Each line of the records containing "False" is to be copied out and returned.

━━━ RECORDS FOR PROCESSING

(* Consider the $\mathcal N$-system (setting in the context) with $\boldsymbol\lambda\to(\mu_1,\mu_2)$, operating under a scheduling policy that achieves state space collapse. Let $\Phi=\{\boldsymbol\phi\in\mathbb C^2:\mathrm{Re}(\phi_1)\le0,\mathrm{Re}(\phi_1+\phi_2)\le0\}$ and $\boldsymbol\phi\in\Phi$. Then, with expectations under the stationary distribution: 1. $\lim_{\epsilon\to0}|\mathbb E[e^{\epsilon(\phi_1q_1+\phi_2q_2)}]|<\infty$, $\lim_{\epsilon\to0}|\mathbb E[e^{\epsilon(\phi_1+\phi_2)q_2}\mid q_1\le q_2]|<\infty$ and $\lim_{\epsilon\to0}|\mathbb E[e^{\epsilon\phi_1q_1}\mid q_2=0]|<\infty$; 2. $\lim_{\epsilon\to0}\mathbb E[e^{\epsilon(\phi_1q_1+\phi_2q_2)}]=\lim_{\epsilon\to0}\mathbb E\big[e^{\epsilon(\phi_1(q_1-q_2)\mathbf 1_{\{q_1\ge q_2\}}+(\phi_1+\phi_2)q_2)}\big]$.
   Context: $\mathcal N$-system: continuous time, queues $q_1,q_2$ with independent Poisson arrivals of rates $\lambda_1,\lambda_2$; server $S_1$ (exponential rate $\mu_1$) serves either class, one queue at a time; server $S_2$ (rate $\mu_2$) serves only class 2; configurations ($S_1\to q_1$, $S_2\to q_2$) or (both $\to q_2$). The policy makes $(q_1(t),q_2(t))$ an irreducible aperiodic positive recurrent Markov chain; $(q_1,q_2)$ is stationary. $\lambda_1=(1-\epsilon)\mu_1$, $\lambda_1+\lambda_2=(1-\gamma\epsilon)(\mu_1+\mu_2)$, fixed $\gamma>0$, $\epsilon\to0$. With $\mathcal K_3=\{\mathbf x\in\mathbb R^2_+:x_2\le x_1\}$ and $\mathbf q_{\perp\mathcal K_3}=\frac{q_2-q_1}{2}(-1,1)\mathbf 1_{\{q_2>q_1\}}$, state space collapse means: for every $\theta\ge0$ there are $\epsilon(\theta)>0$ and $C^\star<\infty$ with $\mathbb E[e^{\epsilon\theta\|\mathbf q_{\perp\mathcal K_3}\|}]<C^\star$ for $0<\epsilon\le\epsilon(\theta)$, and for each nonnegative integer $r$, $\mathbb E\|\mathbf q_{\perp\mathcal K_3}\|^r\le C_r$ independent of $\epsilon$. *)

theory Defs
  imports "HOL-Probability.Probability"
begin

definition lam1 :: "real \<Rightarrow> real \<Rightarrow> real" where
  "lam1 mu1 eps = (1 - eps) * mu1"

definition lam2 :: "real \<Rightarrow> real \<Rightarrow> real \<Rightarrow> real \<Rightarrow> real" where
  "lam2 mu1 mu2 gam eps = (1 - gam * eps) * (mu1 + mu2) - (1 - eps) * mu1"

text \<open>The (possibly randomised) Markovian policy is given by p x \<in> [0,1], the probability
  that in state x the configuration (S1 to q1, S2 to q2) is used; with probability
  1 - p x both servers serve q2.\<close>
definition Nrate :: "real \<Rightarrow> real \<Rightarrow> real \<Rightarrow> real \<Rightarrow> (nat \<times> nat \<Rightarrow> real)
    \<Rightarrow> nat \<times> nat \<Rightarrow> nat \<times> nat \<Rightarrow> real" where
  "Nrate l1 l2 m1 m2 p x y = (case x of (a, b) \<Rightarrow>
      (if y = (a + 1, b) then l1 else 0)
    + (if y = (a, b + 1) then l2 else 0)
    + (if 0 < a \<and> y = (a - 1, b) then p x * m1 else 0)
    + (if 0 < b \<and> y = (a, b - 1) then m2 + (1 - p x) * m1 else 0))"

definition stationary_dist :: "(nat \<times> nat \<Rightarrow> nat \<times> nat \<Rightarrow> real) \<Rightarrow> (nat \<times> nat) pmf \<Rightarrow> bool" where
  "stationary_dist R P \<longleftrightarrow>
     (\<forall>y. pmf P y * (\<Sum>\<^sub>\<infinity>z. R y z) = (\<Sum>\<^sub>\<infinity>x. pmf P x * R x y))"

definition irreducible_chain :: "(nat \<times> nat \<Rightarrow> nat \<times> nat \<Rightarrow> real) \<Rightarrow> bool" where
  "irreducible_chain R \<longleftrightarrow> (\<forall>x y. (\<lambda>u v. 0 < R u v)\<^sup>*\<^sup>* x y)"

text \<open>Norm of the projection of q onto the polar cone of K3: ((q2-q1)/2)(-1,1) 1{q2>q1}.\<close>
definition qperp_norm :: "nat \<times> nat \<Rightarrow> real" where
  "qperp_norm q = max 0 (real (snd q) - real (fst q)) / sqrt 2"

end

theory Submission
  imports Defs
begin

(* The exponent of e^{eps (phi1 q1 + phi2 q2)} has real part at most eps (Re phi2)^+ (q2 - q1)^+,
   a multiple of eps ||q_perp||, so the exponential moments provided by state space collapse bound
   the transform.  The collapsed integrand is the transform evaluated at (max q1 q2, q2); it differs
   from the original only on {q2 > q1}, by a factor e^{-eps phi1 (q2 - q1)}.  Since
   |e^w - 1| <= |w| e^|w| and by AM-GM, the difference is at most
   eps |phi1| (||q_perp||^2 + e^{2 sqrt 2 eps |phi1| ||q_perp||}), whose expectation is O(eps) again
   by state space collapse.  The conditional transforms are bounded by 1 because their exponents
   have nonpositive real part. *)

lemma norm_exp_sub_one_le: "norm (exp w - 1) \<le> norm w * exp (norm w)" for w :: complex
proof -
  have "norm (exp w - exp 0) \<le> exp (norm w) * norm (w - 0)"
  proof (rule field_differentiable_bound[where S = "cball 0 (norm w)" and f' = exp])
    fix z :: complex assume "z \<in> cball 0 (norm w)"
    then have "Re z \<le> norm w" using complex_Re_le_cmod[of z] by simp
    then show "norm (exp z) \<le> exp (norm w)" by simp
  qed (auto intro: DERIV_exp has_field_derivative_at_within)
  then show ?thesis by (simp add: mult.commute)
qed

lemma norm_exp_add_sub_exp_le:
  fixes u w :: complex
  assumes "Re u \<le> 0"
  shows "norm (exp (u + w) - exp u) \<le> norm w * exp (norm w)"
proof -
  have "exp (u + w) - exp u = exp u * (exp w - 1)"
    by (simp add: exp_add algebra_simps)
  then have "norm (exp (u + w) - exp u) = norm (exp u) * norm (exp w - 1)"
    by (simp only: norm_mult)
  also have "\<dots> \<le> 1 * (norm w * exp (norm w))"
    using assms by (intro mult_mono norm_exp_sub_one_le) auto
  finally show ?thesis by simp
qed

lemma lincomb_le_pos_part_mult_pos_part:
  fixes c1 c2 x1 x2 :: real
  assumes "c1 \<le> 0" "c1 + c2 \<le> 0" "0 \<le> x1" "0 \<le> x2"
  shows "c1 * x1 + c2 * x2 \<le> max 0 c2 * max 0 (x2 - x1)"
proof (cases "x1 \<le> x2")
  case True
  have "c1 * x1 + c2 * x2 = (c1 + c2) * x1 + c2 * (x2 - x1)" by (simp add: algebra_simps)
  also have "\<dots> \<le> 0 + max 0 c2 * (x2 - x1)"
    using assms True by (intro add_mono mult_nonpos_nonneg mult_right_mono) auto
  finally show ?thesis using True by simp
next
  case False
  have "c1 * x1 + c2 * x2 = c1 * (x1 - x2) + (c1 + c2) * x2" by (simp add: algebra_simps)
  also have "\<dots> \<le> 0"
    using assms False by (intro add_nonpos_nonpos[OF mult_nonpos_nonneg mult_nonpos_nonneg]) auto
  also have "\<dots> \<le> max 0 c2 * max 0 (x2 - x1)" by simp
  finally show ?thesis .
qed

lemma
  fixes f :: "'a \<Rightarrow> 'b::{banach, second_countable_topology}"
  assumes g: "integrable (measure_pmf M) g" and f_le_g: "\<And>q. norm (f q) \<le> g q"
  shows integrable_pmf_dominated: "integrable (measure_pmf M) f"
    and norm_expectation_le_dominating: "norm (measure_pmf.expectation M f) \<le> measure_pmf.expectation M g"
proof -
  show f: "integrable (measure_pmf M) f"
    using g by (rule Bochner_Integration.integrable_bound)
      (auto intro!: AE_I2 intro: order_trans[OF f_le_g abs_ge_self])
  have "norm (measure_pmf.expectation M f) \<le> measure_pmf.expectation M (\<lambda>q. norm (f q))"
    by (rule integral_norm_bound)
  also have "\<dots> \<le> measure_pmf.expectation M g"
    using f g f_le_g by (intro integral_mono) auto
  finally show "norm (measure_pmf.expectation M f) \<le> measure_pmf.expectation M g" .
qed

━━━━━━

**RESPONSE**
  case False
    using assms False by (intro add_nonpos_nonpos[OF mult_nonpos_nonneg mult_nonpos_nonneg]) auto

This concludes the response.